There are numerous families that do not have the ability to conceive. They are on long waiting lists for foster children due to the extensive process, and in worse case scenarios are told they are not eligible. They spend thousands of dollars trying envitro and fertility drugs to get nothing in the end. They try surrogates for the surrogate mom to not be able to let the child go in the end. On the other hand, there is a system full of children with no parents to take and care for them. There is no one to provide that daily nurturing and self esteem boost that they so deeply need. Then we have the people that can have children and do nothing but take that mere privilege for granted.
I'm talking about the parents that have no intentions of sustaining a career other than making babies and waiting for government assistance. Assistance that the hard working tax paying people can't get even on their worse day. Assistance that never sees the child because its being spent on the parents best interests while the kids needs are no where in thought.
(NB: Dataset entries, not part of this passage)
(* Let $\omega(r)=\frac{r^2}{\sin^2r}-1$ (so $\omega(r)\searrow0$ as $r\searrow0$). Then $u(x)=\sin x$ on $(-\pi/4,\pi/4)$ is a Dirichlet $\omega$-minimizer: for every interval $(x-r,x+r)\subset(-\pi/4,\pi/4)$, $$\int_{x-r}^{x+r}(\cos s)^2\,ds\le(1+\omega(r))\int_{x-r}^{x+r}v'(s)^2\,ds,$$ where $v$ is the affine function with $v(x\pm r)=\sin(x\pm r)$ (the Dirichlet minimizer with these boundary values). *)

theory Defs
  imports "HOL-Analysis.Analysis"
begin

definition omega :: "real \<Rightarrow> real" where
  "omega r = r\<^sup>2 / (sin r)\<^sup>2 - 1"

definition affine_interp :: "(real \<Rightarrow> real) \<Rightarrow> real \<Rightarrow> real \<Rightarrow> real \<Rightarrow> real" where
  "affine_interp u a b s = u a + (u b - u a) / (b - a) * (s - a)"

end

theory Submission
  imports Defs
begin

text \<open>
  Both sides are elementary integrals: the left side is \<open>r + cos (2x) sin (2r) / 2\<close>, while
  the slope of the interpolant is \<open>cos x sin r / r\<close>, so the factor
  \<open>1 + \<omega>(r) = r\<^sup>2 / sin\<^sup>2 r\<close> turns the right side into exactly
  \<open>2 r cos\<^sup>2 x = r + r cos (2x)\<close>. The inequality therefore reduces to
  \<open>sin (2r) \<le> 2r\<close>, multiplied by \<open>cos (2x) \<ge> 0\<close>, which holds because \<open>|x| \<le> \<pi>/4\<close>.
\<close>

lemma deriv_affine_interp: "deriv (affine_interp u a b) s = (u b - u a) / (b - a)"
proof -
  have "affine_interp u a b = (\<lambda>s. u a + (u b - u a) / (b - a) * (s - a))"
    by (auto simp: affine_interp_def)
  moreover have "((\<lambda>s. u a + (u b - u a) / (b - a) * (s - a))
                   has_field_derivative (u b - u a) / (b - a)) (at s)"
    by (rule derivative_eq_intros refl | simp)+
  ultimately show ?thesis
    using DERIV_imp_deriv by metis
qed

lemma interval_integral_affine_interp_energy:
  "(LBINT s=a..b. (deriv (affine_interp u a b) s)\<^sup>2) = ((u b - u a) / (b - a))\<^sup>2 * (b - a)"
  by (simp add: deriv_affine_interp)

lemma has_field_derivative_cos_squared_antideriv:
  "((\<lambda>t. t / 2 + sin (2 * t) / 4) has_field_derivative (cos s)\<^sup>2) (at s within A)"
proof -
  have "((\<lambda>t. t / 2 + sin (2 * t) / 4) has_field_derivative 1/2 + cos (2 * s) * 2 / 4) (at s within A)"
    by (auto intro!: derivative_eq_intros)
  moreover have "1/2 + cos (2 * s) * 2 / 4 = (cos s)\<^sup>2"
    using cos_double_cos[of s] by (simp add: field_simps)
  ultimately show ?thesis
    by simp
qed

lemma interval_integral_cos_squared:
  fixes a b :: real
  assumes "a \<le> b"
  shows "(LBINT s=a..b. (cos s)\<^sup>2) = (b - a) / 2 + (sin (2 * b) - sin (2 * a)) / 4"
proof -
  have "(LBINT s=a..b. (cos s)\<^sup>2) = (b / 2 + sin (2 * b) / 4) - (a / 2 + sin (2 * a) / 4)"
    using assms
    by (intro interval_integral_FTC_finite)
       (auto intro!: continuous_intros has_field_derivative_cos_squared_antideriv
             simp: has_real_derivative_iff_has_vector_derivative[symmetric])
  then show ?thesis
    by (simp add: field_simps)
qed

lemma one_plus_omega_mult_sin_squared:
  assumes "sin r \<noteq> 0"
  shows "(1 + omega r) * (sin r)\<^sup>2 = r\<^sup>2"
  using assms by (simp add: omega_def)

lemma interval_integral_cos_squared_symmetric:
  fixes x r :: real
  assumes "r \<ge> 0"
  shows "(LBINT s=x-r..x+r. (cos s)\<^sup>2) = r + cos (2 * x) * sin (2 * r) / 2"
proof -
  have "sin (2 * (x + r)) - sin (2 * (x - r)) = 2 * cos (2 * x) * sin (2 * r)"
    by (simp add: distrib_left right_diff_distrib sin_add sin_diff)
  then show ?thesis
    using assms by (simp add: interval_integral_cos_squared field_simps)
qed

lemma omega_weighted_sin_interp_energy:
  fixes x r :: real
  assumes "sin r \<noteq> 0" and "r \<noteq> 0"
  shows "(1 + omega r) * (LBINT s=x-r..x+r. (deriv (affine_interp sin (x-r) (x+r)) s)\<^sup>2)
           = 2 * r * (cos x)\<^sup>2"
proof -
  have "sin (x + r) - sin (x - r) = 2 * cos x * sin r"
    by (simp add: sin_add sin_diff)
  moreover have "(LBINT s=x-r..x+r. (deriv (affine_interp sin (x-r) (x+r)) s)\<^sup>2)
                   = ((sin (x + r) - sin (x - r)) / (2 * r))\<^sup>2 * (2 * r)"
    by (simp add: interval_integral_affine_interp_energy)
  ultimately have "(LBINT s=x-r..x+r. (deriv (affine_interp sin (x-r) (x+r)) s)\<^sup>2)
                     = (sin r)\<^sup>2 * (2 * (cos x)\<^sup>2 / r)"
    using assms(2) by (simp add: field_simps power2_eq_square)
  then have "(1 + omega r) * (LBINT s=x-r..x+r. (deriv (affine_interp sin (x-r) (x+r)) s)\<^sup>2)
               = ((1 + omega r) * (sin r)\<^sup>2) * (2 * (cos x)\<^sup>2 / r)"
    by simp
  also have "\<dots> = r\<^sup>2 * (2 * (cos x)\<^sup>2 / r)"
    using one_plus_omega_mult_sin_squared[OF assms(1)] by (simp only:)
  also have "\<dots> = 2 * r * (cos x)\<^sup>2"
    using assms(2) by (simp add: power2_eq_square)
  finally show ?thesis .
qed

theorem mainTheorem8:
  fixes x r :: real
  assumes "r > 0" and "- (pi/4) \<le> x - r" and "x + r \<le> pi/4"
  shows "(LBINT s=x-r..x+r. (cos s)\<^sup>2)
           \<le> (1 + omega r) *
             (LBINT s=x-r..x+r. (deriv (affine_interp sin (x-r) (x+r)) s)\<^sup>2)"
proof -
  have "sin r > 0"
    using assms by (intro sin_gt_zero) (auto simp: pi_gt3)
  have "sin (2 * r) \<le> 2 * r"
    using assms by (intro sin_x_le_x) auto
  moreover have "cos (2 * x) \<ge> 0"
    using assms by (intro cos_ge_zero) auto
  ultimately have "cos (2 * x) * sin (2 * r) \<le> 2 * (r * cos (2 * x))"
    using mult_left_mono[of "sin (2 * r)" "2 * r" "cos (2 * x)"] by (simp add: algebra_simps)
  moreover have "2 * r * (cos x)\<^sup>2 = r + r * cos (2 * x)"
    unfolding cos_double_cos by (simp add: algebra_simps)
  ultimately have "r + cos (2 * x) * sin (2 * r) / 2 \<le> 2 * r * (cos x)\<^sup>2"
    by linarith
  then show ?thesis
    using assms(1) \<open>sin r > 0\<close>
    by (simp add: interval_integral_cos_squared_symmetric omega_weighted_sin_interp_energy)
qed

end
I'm talking about the parents that birth children and then use them as their personal punching bags. The children that are not only punched physically, but also punched mentally, emotionally, and Socially through everyday conversations. The children that once in adulthood don't even know how to interact with society due to their parents abuse. Parents that cause these children
to live everyday in fear of being hurt.
to live everyday in fear of being hurt.I'm talking about the parents that use their children as their own personal slaves. Children that don't see the outside other than when going to school because their parents have them in the house catering to their every needs. The children that are forced day in and day out to scrub and maintain a household that they have no clue how to run. Not the average "clean up after yourself". Oh no, I'm talking about "here you take this toothbrush and scrub the cracks of those bathroom tiles".
I'm talking about the parents that take no responsibility for their lives or actions. Rather, when something goes wrong the children are to blame. They want to run home based businesses, but don't want to provide a home that is sustainable and presentable to run that business. Then when the clients don't want to come back, its the children's fault. Parents that don't want to work but blame the child and their school schedules for their inabilities to be providers. Parents that have been in the same financial positions for over 10 years, have had more children since then, yet their current situations are those kids fault.
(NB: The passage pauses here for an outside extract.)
(* Let $N\ge2$, $m\ge3$ be integers and $0<K<N$. Then $\mathrm{PW}_{2K}(\mathcal{B}_N\square\,\mathcal{C}_m)$ is the orthogonal direct sum of the spaces (i) $\mathrm{PW}_{2K-4}(\mathcal{B}_N)\otimes\ell^2(\mathcal{C}_m)$, (ii) $\Lambda_{2K-2}(\mathcal{B}_N)\otimes\mathrm{PW}_2(\mathcal{C}_m)$, and (iii) $\Lambda_{2K}(\mathcal{B}_N)\otimes\Lambda_0(\mathcal{C}_m)$. Moreover: 1. The space (i) has dimension $m\sum_{\kappa=0}^{K-2}\binom{N}{\kappa}$. An orthonormal basis of it consists of the vectors $(u,\ell)\mapsto\delta_0(\ell-j)\psi_{\kappa,\nu}(u)$, $j\in\mathbb{Z}_m$, $0\le\kappa\le K-2$, $1\le\nu\le\binom{N}{\kappa}$. For every $f$ in this space, with $\Psi_{\kappa,\nu}(u,\ell)=\delta_0(\ell)\psi_{\kappa,\nu}(u)$, $\|Qf\|^2=\sum_{\kappa=0}^{K-2}\sum_{\nu=1}^{\binom{N}{\kappa}}|\langle Qf,\Psi_{\kappa,\nu}\rangle|^2.$ 2. Suppose $m=4m'+1$ with $m'$ a positive integer. The space (ii) has dimension $\lfloor(m+1)/2\rfloor\binom{N}{K-1}$, and a basis of it consists of the vectors $(u,\ell)\mapsto\bar{D}_{m'}(\ell-2j)\psi_{K-1,\nu}(u)$, $j=0,\dots,(m-1)/2$, $\nu=1,\dots,\binom{N}{K-1}$. For every $f$ in this space, with $\Psi_{K-1,\nu}(u,\ell)=\bar{D}_{m'}(\ell)\psi_{K-1,\nu}(u)$, $\left(\tfrac12+\tfrac{1}{2m}\right)\|Qf\|^2=\sum_{\nu=1}^{\binom{N}{K-1}}|\langle Qf,\Psi_{K-1,\nu}\rangle|^2.$ 3. The space (iii) has dimension $\binom{N}{K}$, and an orthonormal basis of it consists of $\Psi_{K,\nu}(u,\ell)=\frac{1}{\sqrt m}\psi_{K,\nu}(u)$, $\nu=1,\dots,\binom{N}{K}$. For every $f$ in this space, $\tfrac1m\|Qf\|^2=\sum_{\nu=1}^{\binom{N}{K}}|\langle Qf,\Psi_{K,\nu}\rangle|^2.$
   Context: For a finite simple undirected graph $\mathcal{G}$, $L(\mathcal{G})$ is the unnormalized Laplacian $(Lf)(v)=\sum_{w\sim v}[f(v)-f(w)]$, $\Lambda_\lambda(\mathcal{G})$ is the $\lambda$-eigenspace of $L(\mathcal{G})$ (the zero space if $\lambda$ is not an eigenvalue), and $\mathrm{PW}_\lambda(\mathcal{G})$ is the span of the eigenvectors of $L(\mathcal{G})$ with eigenvalue at most $\lambda$ (the zero space if $\lambda<0$). The cycle $\mathcal{C}_m$ has vertex set $\mathbb{Z}_m$ with $\ell\sim\ell\pm1$; its eigenvectors are $\ell\mapsto e^{2\pi ik\ell/m}$ with eigenvalues $4\sin^2(\pi k/m)$. The Boolean cube $\mathcal{B}_N$ has vertex set $\mathbb{Z}_2^N$ with $v\sim w$ iff $v-w=e_i$ for a standard basis vector $e_i$; its eigenvalues are $2\kappa$ with multiplicity $\binom{N}{\kappa}$, $\kappa=0,\dots,N$. For each $\kappa$, $\{\psi_{\kappa,\nu}\}_{\nu=1}^{\binom{N}{\kappa}}$ is an orthonormal basis of $\Lambda_{2\kappa}(\mathcal{B}_N)$. The Cartesian product $\mathcal{B}_N\square\,\mathcal{C}_m$ has vertex set $\mathbb{Z}_2^N\times\mathbb{Z}_m$ with $(u_1,\ell_1)\sim(u_2,\ell_2)$ iff ($u_1\sim u_2$ and $\ell_1=\ell_2$) or ($u_1=u_2$ and $\ell_1\sim\ell_2$). For $g$ on $\mathcal{B}_N$ and $h$ on $\mathcal{C}_m$, $(g\otimes h)(u,\ell)=g(u)h(\ell)$, and $V\otimes W$ is the span of such products. $Q$ is the operator $(Qf)(u,\ell)=f(u,\ell)$ if $\ell=0$ and $0$ otherwise. $\delta_0(\ell)=1$ if $\ell=0$ and $0$ otherwise. For $n\ge0$, $D_n(\ell)=\sum_{k=-n}^n e^{2\pi ik\ell/m}$ and $\bar{D}_n=D_n/\sqrt{m(2n+1)}$ (unit norm in $\ell^2(\mathcal{C}_m)$). Inner products and norms are the standard ones on $\ell^2$ of the vertex set. *)

theory Defs
  imports "HOL-Analysis.Analysis" "HOL-Library.Function_Algebras"
begin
I'm talking about the parents that are suppose to be role models. Living examples. Mentors. Teachers. Yet these are the same parents that are 40 years old though you would not know that when they begin to speak. They speak and walk the generation slang as if they are still in high school and it suppose to cute and admirable. It's not. I'm talking about the 40 year old parents that can't help their children with their home work, not because they themselves do not understand it, but rather they do not feel it important enough to take the time out of them doing nothing to help.
It's time these parents wake up to reality. A child should not have to raise themselves. They should not have to learn life lesson's on their own. Granted their are some families where these situations are not avoidable. But those are not the families that I speak of here. I speak of the families where the parents no better but don't care. Where they can provide but don't because it does not fit their idea of day to day activities. These children did not ask to be birthed and thus should not have to live with their parents choices.
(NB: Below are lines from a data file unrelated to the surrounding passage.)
(* Let $X\in\{\pm1\}$ be a binary random variable with mean $\mu\in[-1,1]$, let $Y$ be an observation of $X$ through a BMS channel with capacity $C$, and let $U$ be another observation on the same probability space such that $U-X-Y$ forms a Markov chain. Then $$\mathrm{BER}(X\mid Y,U)\ge\mathrm{BER}(X\mid Y)-\sqrt{\frac{\ln(2)(1-C)\big(1-\mathrm{mmse}(X\mid U)\big)}{2}}.$$
   Context: BMS channel: input $\{\pm1\}$, output in $\overline{\mathbb{R}}$, transition density with $w(y\mid+1)=w(-y\mid-1)$; its capacity is $I(X_{\mathrm u};Y_{\mathrm u})$ for uniform input $X_{\mathrm u}$. $\mathrm{BER}(X\mid V)=\Pr(X\neq\phi(V))$ with $\phi$ the MAP decision rule for $X$ given $V$; $\mathrm{mmse}(X\mid V)=\mathbb{E}[(X-\mathbb{E}[X\mid V])^2]$. *)

theory Defs
  imports "HOL-Probability.Probability"
begin

text \<open>Inputs are encoded as the reals -1 and 1.  A BMS channel is a Markov kernel
  W from the input alphabet to probability measures on the extended reals (Borel),
  satisfying the symmetry w(y|+1) = w(-y|-1), i.e. W(-1) is the image of W(+1)
  under negation.\<close>

definition bms_channel :: "(real \<Rightarrow> ereal measure) \<Rightarrow> bool" where
  "bms_channel W \<longleftrightarrow>
     prob_space (W 1) \<and> sets (W 1) = sets (borel :: ereal measure) \<and>
     W (-1) = distr (W 1) borel uminus"

definition uniform_input_joint :: "(real \<Rightarrow> ereal measure) \<Rightarrow> (real \<times> ereal) measure" where
  "uniform_input_joint W =
     bind (uniform_count_measure {-1, 1 :: real})
          (\<lambda>x. distr (W x) (borel \<Otimes>\<^sub>M borel) (\<lambda>y. (x, y)))"

definition bms_capacity :: "(real \<Rightarrow> ereal measure) \<Rightarrow> real" where
  "bms_capacity W =
     prob_space.mutual_information (uniform_input_joint W) 2 borel borel fst snd"

definition gen_sigma :: "'a measure \<Rightarrow> ('a \<Rightarrow> 'b) \<Rightarrow> 'b measure \<Rightarrow> 'a measure" where
  "gen_sigma M V N = vimage_algebra (space M) V N"

text \<open>MAP decision for a \<plusminus>1-valued X given the sigma-algebra F: choose the value
  with the larger posterior, i.e. sign of E[X | F] (ties broken towards +1).\<close>

definition map_decision :: "'a measure \<Rightarrow> 'a measure \<Rightarrow> ('a \<Rightarrow> real) \<Rightarrow> 'a \<Rightarrow> real" where
  "map_decision M F X = (\<lambda>\<omega>. if real_cond_exp M F X \<omega> \<ge> 0 then 1 else -1)"

definition BER :: "'a measure \<Rightarrow> 'a measure \<Rightarrow> ('a \<Rightarrow> real) \<Rightarrow> real" where
  "BER M F X = measure M {\<omega> \<in> space M. X \<omega> \<noteq> map_decision M F X \<omega>}"

definition mmse :: "'a measure \<Rightarrow> 'a measure \<Rightarrow> ('a \<Rightarrow> real) \<Rightarrow> real" where
  "mmse M F X = (\<integral>\<omega>. (X \<omega> - real_cond_exp M F X \<omega>)\<^sup>2 \<partial>M)"

end

theory Submission
  imports Defs
begin

text \<open>
  Let t(y) be the posterior probability of the input 1 given the output y under uniform input,
  and nu the output law. Then W 1 and W (-1) have the nu-densities 2 t and 2 (1 - t), and
  ln 2 (1 - C) is the nu-integral of h(t), with h the binary entropy in nats. The MAP error rate
  of the channel under uniform input, e = int min(t, 1 - t) dnu, therefore satisfies
  e^2 <= int min(t, 1 - t)^2 dnu <= int h(t)/2 dnu = ln 2 (1 - C) / 2.

  Averaging the MAP region of the channel with its mirror image under y -> -y gives
  BER(X|Y) <= e whatever the prior of X. Conversely, given U = u, a decision based on (Y, U) is
  a decision region for the channel alone; by the Markov property its conditional error
  probabilities a(u), b(u) given X = 1 and X = -1 satisfy a + b >= 2 e. Weighting them with the
  conditional probabilities (1 +- E[X|U]) / 2 gives
  BER(X|Y,U) >= e (1 - E|E[X|U]|) >= e (1 - sqrt(1 - mmse(X|U))).
\<close>

definition binary_entropy :: "real \<Rightarrow> real" where
  "binary_entropy t = - t * ln t - (1 - t) * ln (1 - t)"

lemma binary_entropy_ge_sq:
  fixes t :: real assumes "0 \<le> t" "t \<le> 1/2"
  shows "2 * t\<^sup>2 \<le> binary_entropy t"
proof -
  have "t\<^sup>2 \<le> - t * ln t"
  proof (cases "t = 0")
    case False
    then have "ln t \<le> t - 1" using assms by (intro ln_le_minus_one) auto
    then have "t * ln t \<le> t * (t - 1)" using assms by (intro mult_left_mono) auto
    moreover have "t * (2 * t) \<le> t * 1" using assms by (intro mult_left_mono) auto
    ultimately show ?thesis by (simp add: power2_eq_square algebra_simps)
  qed simp
  moreover have "t\<^sup>2 \<le> - ((1 - t) * ln (1 - t))"
  proof -
    have "ln (1 - t) \<le> (1 - t) - 1" using assms by (intro ln_le_minus_one) auto
    then have "(1 - t) * ln (1 - t) \<le> (1 - t) * (- t)" using assms by (intro mult_left_mono) auto
    moreover have "t * (2 * t) \<le> t * 1" using assms by (intro mult_left_mono) auto
    ultimately show ?thesis by (simp add: power2_eq_square algebra_simps)
  qed
  ultimately show ?thesis unfolding binary_entropy_def by simp
qed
It's time that we resort back to communities. Step in when we can and leave when we should. Not to overstep your boundaries. But if you take your children to school and you see the kids next door that walk 2 miles to get to the same school your driving to, give them a ride. When you know that the family down the street starves their children, slip them food to eat when you can. It only takes a little bit of effort for a child to know that someone cares. Even the worst children in your neighborhood could appreciate an occasion thank you when they do something noble.